Wolfe Herd and her team also partnered with lawmakers in Texas to successfully pass a bill making it illegal to send lewd images over the internet. The Texas law took effect in September 2019 and classifies the sending of unsolicited explicit pictures as a misdemeanor punishable by a fine of up to $500. Bumble has also proposed similar legislation in the state of California.
Why do efforts like these matter? Millennials and Gen Z consumers, in particular, are more likely to invest in companies considered to have a conscience, to take a pay cut in order to work towards an important purpose, and to pay higher prices for responsibly produced products.
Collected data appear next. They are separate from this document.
text \<open>
  Both sides depend on \<open>f\<close> only through \<open>a = E f\<close> and the level-one coefficients
  \<open>b\<^sub>i\<close>, since subtracting \<open>g \<in> P_gt1 n\<close> changes neither.

  Lower bound: \<open>|a|\<close> and every \<open>|b\<^sub>i|\<close> are at most \<open>\<parallel>f - g\<parallel>\<^sub>1\<close>. Moreover
  \<open>\<Sum> b\<^sub>i\<^sup>2 = E[(f - g) \<Sum> b\<^sub>i x\<^sub>i] \<le> \<parallel>f - g\<parallel>\<^sub>r \<parallel>\<Sum> b\<^sub>i x\<^sub>i\<parallel>\<^sub>q\<close> with \<open>q = r / (r - 1)\<close>, and
  Khintchine's inequality, obtained from the sub-Gaussian moment generating function of
  \<open>\<Sum> b\<^sub>i x\<^sub>i\<close>, bounds the last factor by \<open>6 sqrt q \<parallel>b\<parallel>\<^sub>2\<close>.

  Upper bound: it suffices to find \<open>h\<close> with the same \<open>a\<close> and \<open>b\<close> and small \<open>L\<^sub>r\<close> norm.
  For \<open>r \<ge> 2\<close>, a martingale transform of \<open>\<Sum> b\<^sub>i x\<^sub>i\<close> that is frozen once it leaves
  \<open>[-2\<parallel>b\<parallel>\<^sub>2, 2\<parallel>b\<parallel>\<^sub>2]\<close> is bounded by \<open>2\<parallel>b\<parallel>\<^sub>2 + 2 max |b\<^sub>i|\<close>. For \<open>1 < r \<le> 2\<close>, take
  \<open>h = a + \<theta> (R - 1)\<close> with the Riesz product \<open>R = \<Prod> (1 + b\<^sub>i x\<^sub>i / \<theta>)\<close> and
  \<open>\<theta> = max |b\<^sub>i| + sqrt (r - 1) \<parallel>b\<parallel>\<^sub>2\<close>: since \<open>E R = 1\<close> and \<open>E R\<^sup>2 = \<Prod> (1 + b\<^sub>i\<^sup>2 / \<theta>\<^sup>2)\<close>,
  interpolating between the first and second moments gives \<open>E R\<^sup>r \<le> e\<close>.
\<close>

section \<open>Averages over the cube\<close>

lemma finite_cube [simp]: "finite (cube n)"
  unfolding cube_def by (auto intro!: finite_PiE)

lemma card_cube: "card (cube n) = 2 ^ n"
  unfolding cube_def by (simp add: card_PiE numeral_2_eq_2)

lemma cube_nonempty [simp]: "cube n \<noteq> {}"
  using card_cube[of n] by (metis card.empty power_not_zero zero_neq_numeral)

lemma cube_coord: "x \<in> cube n \<Longrightarrow> i \<in> {1..n} \<Longrightarrow> x i = 1 \<or> x i = -1"
  unfolding cube_def by (auto simp: PiE_iff)

lemma abs_cube_coord: "x \<in> cube n \<Longrightarrow> i \<in> {1..n} \<Longrightarrow> \<bar>x i\<bar> = 1"
  using cube_coord by fastforce

lemma cube_coord_mult_self: "x \<in> cube n \<Longrightarrow> i \<in> {1..n} \<Longrightarrow> x i * x i = 1"
  using cube_coord by fastforce

lemma cube_flip: "x \<in> cube n \<Longrightarrow> i \<in> {1..n} \<Longrightarrow> x(i := - x i) \<in> cube n"
  unfolding cube_def by (auto simp: PiE_iff extensional_def)

lemma expect_cong: "(\<And>x. x \<in> cube n \<Longrightarrow> f x = g x) \<Longrightarrow> expect n f = expect n g"
  unfolding expect_def by (simp cong: sum.cong)

lemma expect_const [simp]: "expect n (\<lambda>x. c) = c"
  unfolding expect_def by (simp add: card_cube)

lemma expect_add: "expect n (\<lambda>x. f x + g x) = expect n f + expect n g"
  unfolding expect_def by (simp add: sum.distrib add_divide_distrib)

lemma expect_diff: "expect n (\<lambda>x. f x - g x) = expect n f - expect n g"
  unfolding expect_def by (simp add: sum_subtractf diff_divide_distrib)

lemma expect_cmult: "expect n (\<lambda>x. c * f x) = c * expect n f"
  unfolding expect_def by (simp add: sum_distrib_left)

lemma expect_multc: "expect n (\<lambda>x. f x * c) = expect n f * c"
  unfolding expect_def by (simp add: sum_distrib_right)

lemma expect_sum: "finite I \<Longrightarrow> expect n (\<lambda>x. \<Sum>i\<in>I. f i x) = (\<Sum>i\<in>I. expect n (f i))"
  unfolding expect_def by (metis (no_types) sum.swap sum_divide_distrib)

lemma expect_mono: "(\<And>x. x \<in> cube n \<Longrightarrow> f x \<le> g x) \<Longrightarrow> expect n f \<le> expect n g"
  unfolding expect_def by (intro divide_right_mono sum_mono) auto

lemma expect_nonneg: "(\<And>x. x \<in> cube n \<Longrightarrow> 0 \<le> f x) \<Longrightarrow> 0 \<le> expect n f"
  using expect_mono[of n "\<lambda>_. 0" f] by simp

lemma abs_expect_le: "\<bar>expect n f\<bar> \<le> expect n (\<lambda>x. \<bar>f x\<bar>)"
  unfolding expect_def by (simp add: divide_right_mono)

lemma expect_eq_0_imp_eq_0:
  assumes "\<And>x. x \<in> cube n \<Longrightarrow> 0 \<le> f x" "expect n f = 0" "x \<in> cube n"
  shows "f x = 0"
  using assms sum_nonneg_eq_0_iff[of "cube n" f] unfolding expect_def by auto

lemma expect_prod:
  "expect n (\<lambda>x. \<Prod>i\<in>{1..n}. \<phi> i (x i)) = (\<Prod>i\<in>{1..n}. (\<phi> i 1 + \<phi> i (-1)) / 2)"
proof -
  have "(\<Prod>i\<in>{1..n}. \<Sum>y\<in>{-1,1::real}. \<phi> i y) = (\<Sum>x\<in>cube n. \<Prod>i\<in>{1..n}. \<phi> i (x i))"
    unfolding cube_def by (rule prod_sum_PiE) auto
  then show ?thesis
    unfolding expect_def by (simp add: prod_dividef add.commute)
qed

lemma expect_coord_mult_eq_0:
  assumes i: "i \<in> {1..n}" and F: "\<And>x. x \<in> cube n \<Longrightarrow> F (x(i := - x i)) = F x"
  shows "expect n (\<lambda>x. x i * F x) = 0"
proof -
  let ?flip = "\<lambda>x. x(i := - x i)"
  have "(\<Sum>x\<in>cube n. x i * F x) = (\<Sum>x\<in>cube n. ?flip x i * F (?flip x))"
    by (rule sum.reindex_bij_witness[of _ ?flip ?flip]) (auto simp: cube_flip[OF _ i])
  also have "\<dots> = - (\<Sum>x\<in>cube n. x i * F x)"
    by (simp add: F sum_negf[symmetric])
  finally show ?thesis
    unfolding expect_def by simp
qed

lemma expect_coord: "i \<in> {1..n} \<Longrightarrow> expect n (\<lambda>x. x i) = 0"
  using expect_coord_mult_eq_0[of i n "\<lambda>_. 1"] by simp
lemma ratio_bound_le_ratio_trial:
  fixes H :: "real^'n^'n" and J :: "real^'n^'m" and c :: "real^'n \<Rightarrow> real^'m"
  assumes "J *v d = - c x" and "d \<noteq> 0"
    and "0 < \<kappa>" and "\<And>w. \<kappa> * norm w \<le> norm (transpose J *v w)"
    and "onorm (\<lambda>v. H *v v) \<le> K" and "0 \<le> K"
    and "\<And>u. J *v u = 0 \<Longrightarrow> \<zeta> * (norm u)\<^sup>2 \<le> u \<bullet> (H *v u)" and "0 < \<zeta>"
    and "norm (c x) \<le> B" and "0 < B" and "0 < \<tau>" and "\<tau> \<le> \<tau>0" and "0 < \<sigma>" and "\<sigma> \<le> 1"
    and "0 < g \<bullet> d + max (d \<bullet> (H *v d)) 0 \<Longrightarrow>
           \<tau> * (g \<bullet> d + max (d \<bullet> (H *v d)) 0) \<le> (1 - \<sigma>) * l1norm (c x)"
  shows "ratio_bound \<zeta> K (\<sigma> * \<kappa>\<^sup>2 / (\<tau>0 * B)) \<le> dq c x \<tau> g H d / (\<tau> * (norm d)\<^sup>2)"
proof -
  define A where "A = \<sigma> * \<kappa>\<^sup>2 / (\<tau>0 * B)"
  obtain v where Jv: "J *v v = - c x" and v_le: "\<kappa> * norm v \<le> norm (c x)"
    using exists_preimage_norm_le[OF assms(3,4), of "- c x"] by auto
  have "J *v (d - v) = 0"
    using Jv assms(1) by (simp add: matrix_vector_mult_diff_distrib)
  from quadratic_form_null_space_lower_bound[OF assms(5,7) this, of v]
  have "\<zeta> * (norm (d - v))\<^sup>2 - 2 * K * norm (d - v) * norm v - K * (norm v)\<^sup>2 \<le> d \<bullet> (H *v d)"
    by simp
  moreover have "norm d \<le> norm (d - v) + norm v"
    using norm_triangle_sub[of d v] by simp
  moreover have "0 < \<tau>0"
    using \<open>0 < \<tau>\<close> \<open>\<tau> \<le> \<tau>0\<close> by linarith
  moreover from this have "0 < A"
    using \<open>0 < \<sigma>\<close> \<open>0 < \<kappa>\<close> \<open>0 < B\<close> unfolding A_def by simp
  ultimately have split: "ratio_bound \<zeta> K A * (norm d)\<^sup>2 \<le> max (d \<bullet> (H *v d)) 0 / 2 + A * (norm v)\<^sup>2"
    using \<open>0 < \<zeta>\<close> \<open>0 \<le> K\<close> by (intro quadratic_split_bound) simp_all
  have "\<tau> * (A * (norm v)\<^sup>2) = \<sigma> * ((\<tau> / \<tau>0) * (\<kappa> * norm v / B)) * (\<kappa> * norm v)"
    unfolding A_def using \<open>0 < \<tau>0\<close> \<open>0 < B\<close> by (simp add: field_simps power2_eq_square)
  also have "\<dots> \<le> \<sigma> * 1 * (\<kappa> * norm v)"
    using \<open>0 < \<tau>\<close> \<open>\<tau> \<le> \<tau>0\<close> \<open>0 < \<sigma>\<close> \<open>0 < \<kappa>\<close> \<open>0 < B\<close> v_le \<open>norm (c x) \<le> B\<close>
    by (intro mult_right_mono mult_left_mono mult_le_one) simp_all
  also have "\<dots> \<le> \<sigma> * l1norm (c x)"
    using v_le norm_le_l1norm[of "c x"] \<open>0 < \<sigma>\<close> by simp
  finally have normal: "\<tau> * (A * (norm v)\<^sup>2) \<le> \<sigma> * l1norm (c x)" .
  have "ratio_bound \<zeta> K A * (\<tau> * (norm d)\<^sup>2) = \<tau> * (ratio_bound \<zeta> K A * (norm d)\<^sup>2)"
    by simp
  also have "\<dots> \<le> \<tau> * (max (d \<bullet> (H *v d)) 0 / 2 + A * (norm v)\<^sup>2)"
    using split \<open>0 < \<tau>\<close> by (simp add: mult_left_mono)
  also have "\<dots> \<le> \<tau> / 2 * max (d \<bullet> (H *v d)) 0 + \<sigma> * l1norm (c x)"
    using normal by (simp add: algebra_simps)
  also have "\<dots> \<le> dq c x \<tau> g H d"
    using assms(11,14,15) by (rule dq_lower_bound)
  finally show ?thesis
    using \<open>0 < \<tau>\<close> \<open>d \<noteq> 0\<close> unfolding A_def by (simp add: pos_le_divide_eq)
qed

definition merit_update :: "real \<Rightarrow> real \<Rightarrow> real \<Rightarrow> real \<Rightarrow> real \<Rightarrow> real" where
  "merit_update \<epsilon> \<sigma> l den \<tau>prev =
     (if den \<le> 0 then \<tau>prev
      else if \<tau>prev \<le> (1 - \<sigma>) * l / den then \<tau>prev
      else (1 - \<epsilon>) * ((1 - \<sigma>) * l / den))"

definition ratio_update :: "real \<Rightarrow> real \<Rightarrow> real \<Rightarrow> real" where
  "ratio_update \<epsilon> \<xi>trial \<xi>prev = (if \<xi>prev \<le> \<xi>trial then \<xi>prev else (1 - \<epsilon>) * \<xi>trial)"

lemma alg3_runD:
  assumes "alg3_run c J L \<Gamma> tau_init xi_init \<epsilon> \<sigma> \<beta> \<theta> x gb H d y tau xi alpha"
  shows "H k *v d k + transpose (J (x k)) *v y k = - gb k"
    and "J (x k) *v d k = - c (x k)"
    and "d k \<noteq> 0"
    and "tau k = merit_update \<epsilon> \<sigma> (l1norm (c (x k))) (gb k \<bullet> d k + max (d k \<bullet> (H k *v d k)) 0)
                   (if k = 0 then tau_init else tau (k - 1))"
    and "xi k = ratio_update \<epsilon> (dq c (x k) (tau k) (gb k) (H k) (d k) / (tau k * (norm (d k))\<^sup>2))
                  (if k = 0 then xi_init else xi (k - 1))"
  using assms unfolding alg3_run_def merit_update_def ratio_update_def Let_def by meson+

lemma merit_update_bounds:
  assumes "0 < \<tau>prev" and "0 \<le> l" and "0 < den \<longrightarrow> 0 < l"
    and "0 < \<epsilon>" "\<epsilon> < 1" and "\<sigma> < 1"
  shows "0 < merit_update \<epsilon> \<sigma> l den \<tau>prev \<and> merit_update \<epsilon> \<sigma> l den \<tau>prev \<le> \<tau>prev \<and>
         (0 < den \<longrightarrow> merit_update \<epsilon> \<sigma> l den \<tau>prev * den \<le> (1 - \<sigma>) * l)"
proof (cases "den \<le> 0")
  case False
  define \<tau>trial where "\<tau>trial = (1 - \<sigma>) * l / den"
  have "0 < \<tau>trial" and trial_den: "\<tau>trial * den = (1 - \<sigma>) * l"
    using False assms unfolding \<tau>trial_def by auto
  show ?thesis
  proof (cases "\<tau>prev \<le> \<tau>trial")
    case True
    then have "\<tau>prev * den \<le> \<tau>trial * den"
      using False by (simp add: mult_right_mono)
    then show ?thesis
      using True False trial_den assms unfolding merit_update_def \<tau>trial_def[symmetric] by simp
  next
    case not_le: False
    have update: "merit_update \<epsilon> \<sigma> l den \<tau>prev = (1 - \<epsilon>) * \<tau>trial"
      using not_le False unfolding merit_update_def \<tau>trial_def by simp
    have "0 < (1 - \<epsilon>) * \<tau>trial" and "(1 - \<epsilon>) * \<tau>trial \<le> \<tau>trial"
      using \<open>0 < \<tau>trial\<close> assms by (simp_all add: mult_left_le_one_le)
    moreover from this(2) have "(1 - \<epsilon>) * \<tau>trial * den \<le> \<tau>trial * den"
      using False by (simp add: mult_right_mono)
    ultimately show ?thesis
      unfolding update using not_le trial_den by (intro conjI impI) linarith+
  qed
qed (use assms in \<open>simp add: merit_update_def\<close>)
Writing for The New York Times, columnist Nicholas Kristof explains, “Doing good is no longer a matter of writing a few checks at the end of the year, as it was for my generation; for many young people, it’s an ethos that governs where they work, shop and invest.”
A 22-year-old student in New York City echoed and elaborated, “What I understand is actual commitment to something. One thing I get really turned off by is when it appears that what [companies] are trying to promote or what they are saying is not aligned with their actions. Commitment, action, follow-through, and transparency matter to me.”
Younger consumers have a number of concerns, including economic development, job creation, health and education, women’s and LGBTQ+ rights, racial equality, immigration, gun control, and climate change. Companies that prioritize these concerns through corporate social responsibility (CSR) programs will achieve greater success with these generations.
The success of Wolfe Herd and the efforts made by her team to ensure more equitable online spaces should encourage young women and remind everyone else that females are both competent and capable. Any entrepreneurial accomplishments we achieve, in STEM fields or otherwise, need not be the result of deception but persistence and dedication.